一出纸醉金迷的闹剧,半响烟云红尘的贪欢。
是那个时代,那个全新的时代,那个黑暗的时代,是最好的时代,也是最坏的时代。
祁和出生的那一年,距她一千公里以外的湖北爆发了三次起义,无数革命党人在枪声和炮声中牺牲。当然,这并未影响到那个江南水乡的安宁。那一年夏天的雨尤其多,浇灭了近来蠢蠢欲动的硝烟,打在水榭屋廊上,顺着青瓦流下,让祁和的整个婴孩时代都清爽起来。
祁和家是书香门第,她的曾曾祖父是前朝的状元,这是她从记事起就听长辈们也都惯了,所谓“富贵不归故里,犹如锦衣夜行”,这是在那小镇里不多的荣光之一,所以门前那块挂了不知多少年的旧牌匾也显得金光灿灿起来,听说是皇帝御赐。

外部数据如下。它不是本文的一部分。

lemma funpow_lin_step_fixes_basis_coefs:
  assumes "basis_coefs v" "amp s = amp v"
  shows "amp ((lin_step ^^ m) s) = amp v"
proof (induction m)
  case (Suc m)
  have "amp (lin_step v) = amp v"
  proof
    fix X
    have "amp (lin_step v) X = (\<Sum>(a, t)\<leftarrow>coefs v. a * amp (class_step (tcl t)) X)"
      by (rule amp_lin_step)
    also have "\<dots> = (\<Sum>(a, t)\<leftarrow>coefs v. a * (if tcl t = X then 1 else 0))"
      using assms(1) unfolding basis_coefs_def
      by (intro arg_cong[where f=sum_list] map_cong) (auto simp: amp_class_step_basis)
    finally show "amp (lin_step v) X = amp v X" by (simp add: amp_as_coef_sum)
  qed
  then show ?case using lin_step_resp_amp[OF Suc] by simp
qed (simp add: assms(2))

lemma funpow_lin_step_stable:
  assumes "amp ((lin_step ^^ m) s) = amp v" "basis_coefs v" "m \<le> M"
  shows "amp ((lin_step ^^ M) s) = amp v"
proof -
  have "(lin_step ^^ M) s = (lin_step ^^ (M - m)) ((lin_step ^^ m) s)"
    using assms(3) by (metis funpow_add le_add_diff_inverse2 o_apply)
  then show ?thesis using funpow_lin_step_fixes_basis_coefs[OF assms(2,1)] by simp
qed

lemma ip_eq_sum_coefs_amp: "ip u w = (\<Sum>(a, v)\<leftarrow>coefs u. cnj a * amp w (tcl v))"
  unfolding ip_def
proof (intro arg_cong[where f=sum_list] map_cong refl)
  fix p assume "p \<in> set (coefs u)"
  obtain a v where p: "p = (a, v)" by (cases p)
  have "(\<Sum>(b, v')\<leftarrow>coefs w. cnj a * b * (if teq v v' then 1 else 0))
      = (\<Sum>x\<leftarrow>coefs w. cnj a * (\<lambda>(b, v'). if tcl v' = tcl v then b else 0) x)"
    by (intro arg_cong[where f=sum_list] map_cong refl) (auto simp: tcl_eq_iff teq_sym)
  also have "\<dots> = cnj a * amp w (tcl v)" by (simp add: sum_list_const_mult amp_def)
  finally show "(case p of (a, v) \<Rightarrow> \<Sum>(b, v')\<leftarrow>coefs w. cnj a * b * (if teq v v' then 1 else 0))
      = (case p of (a, v) \<Rightarrow> cnj a * amp w (tcl v))" by (simp add: p)
qed

lemma ip_eq_sum_amp:
  assumes "finite A" "\<And>X. amp u X \<noteq> 0 \<Longrightarrow> X \<in> A"
  shows "ip u w = (\<Sum>X\<in>A. cnj (amp u X) * amp w X)"
proof -
  define A0 where "A0 = tcl ` snd ` set (coefs u)"
  have "finite A0" by (simp add: A0_def)
  have cnj_sum: "cnj (\<Sum>(a, v)\<leftarrow>xs. a * g v) = (\<Sum>(a, v)\<leftarrow>xs. cnj a * cnj (g v))" for xs g
    by (induction xs) auto
  have "ip u w = cnj (\<Sum>(a, v)\<leftarrow>coefs u. a * cnj (amp w (tcl v)))"
    unfolding ip_eq_sum_coefs_amp cnj_sum by simp
  also have "(\<Sum>(a, v)\<leftarrow>coefs u. a * cnj (amp w (tcl v))) = (\<Sum>X\<in>A0. amp u X * cnj (amp w X))"
    unfolding amp_def by (rule sum_coefs_by_class) (auto simp: \<open>finite A0\<close> A0_def)
  also have "cnj \<dots> = (\<Sum>X\<in>A0. cnj (amp u X) * amp w X)" by simp
  also have "\<dots> = (\<Sum>X\<in>{X\<in>A0. amp u X \<noteq> 0}. cnj (amp u X) * amp w X)"
    by (rule sum.mono_neutral_right) (auto simp: \<open>finite A0\<close>)
  also have "\<dots> = (\<Sum>X\<in>A. cnj (amp u X) * amp w X)"
    by (rule sum.mono_neutral_left)
      (use assms amp_nonzero_imp_class[of u] in \<open>auto simp: A0_def\<close>)
  finally show ?thesis .
qed

lemma ip_resp_amp: "amp u = amp u' \<Longrightarrow> amp w = amp w' \<Longrightarrow> ip u w = ip u' w'"
  using ip_eq_sum_amp[OF finite_amp_support, of u] ip_eq_sum_amp[OF finite_amp_support, of u']
  by auto

lemma ip_conj_sym: "ip u w = cnj (ip w u)"
proof -
  define A where "A = {X. amp u X \<noteq> 0} \<union> {X. amp w X \<noteq> 0}"
  have "finite A" by (simp add: A_def finite_amp_support)
  then show ?thesis
    using ip_eq_sum_amp[of A u w] ip_eq_sum_amp[of A w u] by (auto simp: A_def mult.commute)
qed

lemma ip_Plus_left: "ip (Plus u1 u2) w = ip u1 w + ip u2 w"
  by (simp add: ip_eq_sum_coefs_amp)

lemma ip_Scal_left: "ip (Scal c u) w = cnj c * ip u w"
proof -
  have "(\<Sum>(a, v)\<leftarrow>map (\<lambda>(b, t). (c * b, t)) xs. cnj a * g v) = cnj c * (\<Sum>(a, v)\<leftarrow>xs. cnj a * g v)"
    for xs :: "(complex \<times> tm) list" and g
    by (induction xs) (auto simp: algebra_simps)
  then show ?thesis unfolding ip_eq_sum_coefs_amp coefs.simps .
qed
lemma regular_split_join_non_neighbours:
  assumes "finite_simple_graph G1" "finite_simple_graph G2" "verts G1 \<inter> verts G2 = {}"
    and "\<not> complete_graph G1" "edges G2 \<noteq> {}" and degree: "\<forall>v\<in>verts G1. degree G1 v = k"
  shows "regular_split_join G1 G2 (\<lambda>u v. u \<noteq> v \<and> {u, v} \<notin> edges G1) (card (verts G1) - 1 - k)"
proof
  obtain u v where uv: "u \<in> verts G1" "v \<in> verts G1" "u \<noteq> v" "{u, v} \<notin> edges G1"
    using assms(4) by (auto simp: complete_graph_def)
  then show "verts G1 \<noteq> {}" by blast
  show "verts G2 \<noteq> {}" using assms(2,5) finite_simple_graph_verts_nonempty by blast
  show card: "card {j \<in> verts G1. i \<noteq> j \<and> {i, j} \<notin> edges G1} = card (verts G1) - 1 - k"
    if "i \<in> verts G1" for i
    using card_non_neighbours[OF assms(1) that] degree that by simp
  have "v \<in> {j \<in> verts G1. u \<noteq> j \<and> {u, j} \<notin> edges G1}" using uv by simp
  moreover have "finite {j \<in> verts G1. u \<noteq> j \<and> {u, j} \<notin> edges G1}"
    using assms(1) by (simp add: finite_simple_graph_def)
  ultimately have "0 < card {j \<in> verts G1. u \<noteq> j \<and> {u, j} \<notin> edges G1}"
    by (auto simp: card_gt_0_iff)
  then show "0 < card (verts G1) - 1 - k" using card[OF uv(1)] by simp
  show "j \<noteq> i \<and> {j, i} \<notin> edges G1" if "i \<noteq> j \<and> {i, j} \<notin> edges G1" for i j
    using that by (auto simp: insert_commute)
qed (use assms in simp_all)

theorem mainTheorem6:
  fixes G1 G2 :: "'a graph"
  assumes "finite_simple_graph G1" and "finite_simple_graph G2"
    and "\<not> complete_graph G1" and "\<not> complete_graph G2"
    and "edges G1 \<noteq> {}" and "edges G2 \<noteq> {}"
    and "verts G1 \<inter> verts G2 = {}"
    and "regular G1"
  shows "lovasz_theta (graph_NS G1 G2) = real (card (verts G1)) + lovasz_theta G2
    \<and> lovasz_theta (graph_NNS G1 G2) = real (card (verts G1)) + lovasz_theta G2
    \<and> (real (alpha G2) = lovasz_theta G2 \<longrightarrow>
         alpha (graph_NS G1 G2) = card (verts G1) + alpha G2
       \<and> alpha (graph_NNS G1 G2) = card (verts G1) + alpha G2)"
proof -
  obtain k where degree: "\<forall>v\<in>verts G1. degree G1 v = k"
    using assms(8) by (auto simp: regular_def)
  interpret NS: regular_split_join G1 G2 "\<lambda>u v. {u, v} \<in> edges G1" k
    using regular_split_join_neighbours[OF assms(1,2,7,5,6) degree] .
  interpret NNS: regular_split_join G1 G2 "\<lambda>u v. u \<noteq> v \<and> {u, v} \<notin> edges G1" "card (verts G1) - 1 - k"
    using regular_split_join_non_neighbours[OF assms(1,2,7,3,6) degree] .
  show ?thesis
    unfolding graph_NS_eq_split_join graph_NNS_eq_split_join
    using NS.lovasz_theta_split_join NNS.lovasz_theta_split_join NS.alpha_split_join NNS.alpha_split_join
    by simp
qed

end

这也是小时候的祁和引以为傲的一件事,每每和同乡的孩子们一起玩,她总是免不了要炫耀炫耀自己的老祖宗,但随着她慢慢长大,祁和逐渐明白过来,有一个做状元的曾曾祖父,并不如叶一桀手上吃不完的糖人好。
清朝末年,祁和家虽然已经家道中落,但其与外界隔了重重叠叠的园林楼台,便似乎也未受过什么影响,毕竟在这小小的镇子,能建园林的富贵人家并不多,即便是曾经。而另一番令人羡慕的园林楼台,便是叶一桀家。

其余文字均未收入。